--pipe is inefficient (though not at the scale your are measuring - something is very wrong on your system). It can deliver in the order of 1 GB/s (total).
--pipepart is, on the contrary, highly efficient. It can deliver in the order of 1 GB/s per core, provided your disk is fast enough. This should be the most efficient ways of processing data.txt1. It will split data.txt1 in into one block per cpu core and feed those blocks into a wc -l running on each core:
parallel --block -1 --pipepart -a data.txt1 wc -l
You need version 20161222 or later for block -1 to work.
These are timings from my old dual core laptop. seq 200000000 generates 1.8 GB of data.

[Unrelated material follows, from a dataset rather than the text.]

(* Consider any fair, well-formed execution of COP as described in the context (with $S$ correct or Byzantine), and for each client $C_i$ let $\pi_i$ be the sequence defined in the context. For any clients $C_i,C_j$ and any operation $o\in\pi_i\cap\pi_j$, we have $\pi_i|^o=\pi_j|^o$, where $\pi|^o$ denotes the prefix of $\pi$ ending with $o$.
   Context: System model. Clients $C_1,\dots,C_n$ and server $S$ in an asynchronous system, each client connected to $S$ by a reliable FIFO channel; clients are correct; $S$ is correct or Byzantine (may send arbitrary messages). Executions are fair and well-formed. Functionality. $F$ is deterministic over states $\mathcal{S}$, operations $\mathcal{O}$, responses $\mathcal{R}$: $F(s,o)=(s',r)$, extended to sequences by applying operations in order. $\mathrm{commute}_F(s,\rho_1,\rho_2)$ is true iff every interleaving of sequences $\rho_1,\rho_2$ (preserving each one's internal order) executed from $s$ yields the same final state and the same respective responses. Cryptography (ideal). $\mathrm{hash}$ is ideal collision-free; $\mathrm{sign}_i$ is invocable only by $C_i$ and $\mathrm{verify}_i(\phi,m)$ is true iff $C_i$ previously executed $\mathrm{sign}_i(m)$ obtaining $\phi$. $\|$ is concatenation. COP client $C_i$. State: $u$ (initially $\bot$); $c$ (initially $0$); map $H$ with $H[0]=\mathrm{null}$; map $Z$ to $\{\mathrm{success},\mathrm{abort}\}$; state $s$ (initially $s_0$). (1) On invocation of $o$: $u\leftarrow o$, send $\langle\mathrm{invoke},o,c,\mathrm{sign}_i(\mathrm{invoke}\|o\|i)\rangle$ to $S$. (2) On $\langle\mathrm{reply},\omega\rangle$: $\gamma,\mu\leftarrow\langle\rangle$. For $k=1,\dots,\mathrm{length}(\omega)$: $(o,j,\tau)=\omega[k]$, $l=c+k$; halt if $\mathrm{verify}_j(\tau,\mathrm{invoke}\|o\|j)$ fails; if $H[l]$ undefined set $H[l]\leftarrow\mathrm{hash}(H[l-1]\|o\|l\|j)$, else halt if $H[l]\neq\mathrm{hash}(H[l-1]\|o\|l\|j)$; if $j=i$ and $Z[l]=\mathrm{success}$ append $o$ to $\mu$, else if $j\neq i$ append $o$ to $\gamma$. Halt if $\omega$ is empty or its last entry has operation $\neq u$ or index $\neq i$. $(a,r)\leftarrow F(s,\mu)$. If $\mathrm{commute}_F(a,\langle u\rangle,\gamma)$: $(a,r)\leftarrow F(a,u)$, $Z[l]\leftarrow\mathrm{success}$; else $r\leftarrow\bot$, $Z[l]\leftarrow\mathrm{abort}$. Send $\langle\mathrm{commit},u,l,H[l],Z[l],\mathrm{sign}_i(\mathrm{commit}\|u\|l\|H[l]\|Z[l])\rangle$ to $S$, set $u\leftarrow\bot$, output $r$. (3) On $\langle\mathrm{broadcast},o,q,h,z,\phi,j\rangle$: halt unless $q=c+1$ and $\mathrm{verify}_j(\phi,\mathrm{commit}\|o\|q\|h\|z)$; if $H[q]$ undefined set $H[q]\leftarrow\mathrm{hash}(H[q-1]\|o\|q\|j)$; halt if $h\neq H[q]$; if $z=\mathrm{success}$, $(s,\cdot)\leftarrow F(s,o)$; $c\leftarrow c+1$. COP server $S$ (when correct). State $t=0$, $b=0$, maps $I,O$ empty. On $\langle\mathrm{invoke},o,c,\tau\rangle$ from $C_i$: $t\leftarrow t+1$, $I[t]\leftarrow(o,i,\tau)$, send $\langle\mathrm{reply},\langle I[c+1],\dots,I[t]\rangle\rangle$ to $C_i$. On $\langle\mathrm{commit},o,q,h,z,\phi\rangle$ from $C_i$: $O[q]\leftarrow(o,h,z,\phi,i)$; while $O[b+1]$ defined: $b\leftarrow b+1$, send $\langle\mathrm{broadcast},o',b,h',z',\phi',j\rangle$ to all clients where $(o',h',z',\phi',j)=O[b]$. Terminology. $C_i$ commits $o$ when it issues the commit signature in step (2); the value $l$ there is the sequence number of $o$. A client confirms $o$ when it processes a broadcast message for $o$ in step (3) passing all checks. Definition of $\pi_i$: let $o$ be the operation committed by $C_i$ with the highest sequence number among those operations of $C_i$ that have been confirmed by some client $C_k$ (possibly $C_k=C_i$); let $\alpha_i$ be the sequence of operations confirmed by $C_k$ up to and including $o$; let $\beta_i$ be the sequence of operations committed by $C_i$ with sequence number higher than that of $o$, in order of sequence number; $\pi_i=\alpha_i\circ\beta_i$ (concatenation). *)

theory Defs
  imports Main
begin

$ time seq 200000000 | LANG=C wc -c
1888888898
real 0m7.072s
user 0m3.612s
sys 0m2.444s
$ time seq 200000000 | parallel --pipe LANG=C wc -c | awk '{s+=$1} END {print s}'
1888888898
real 1m28.101s
user 0m25.892s
sys 0m40.672s
The time here is mostly due to GNU Parallel spawning a new wc -c for each 1 MB block. Increasing the block size makes it faster:
$ time seq 200000000 | parallel --block 10m --pipe LANG=C wc -c | awk '{s+=$1} END {print s}'
1888888898
real 0m26.269s
user 0m8.988s
sys 0m11.920s
$ time seq 200000000 | parallel --block 30m --pipe LANG=C wc -c | awk '{s+=$1} END {print s}'
1888888898
real 0m21.628s
user 0m7.636s
sys 0m9.516s
As mentioned --pipepart is much faster if you have data in a file:
$ seq 200000000 > data.txt1
$ time parallel --block -1 --pipepart -a data.txt1 LANG=C wc -c | awk '{s+=$1} END {print s}'
1888888898
real 0m2.242s
user 0m0.424s
sys 0m2.880s
So on my old laptop I can process 1.8 GB in 2.2 seconds.
If you have only one core and your work is CPU dependent, then parallelizing will not help you. Parallelizing on a single core machine can make sense if most of the time is spent waiting (e.g. waiting for the network).
However, the timings from your computer tells me something is very wrong with that. I will recommend you test your program on another computer.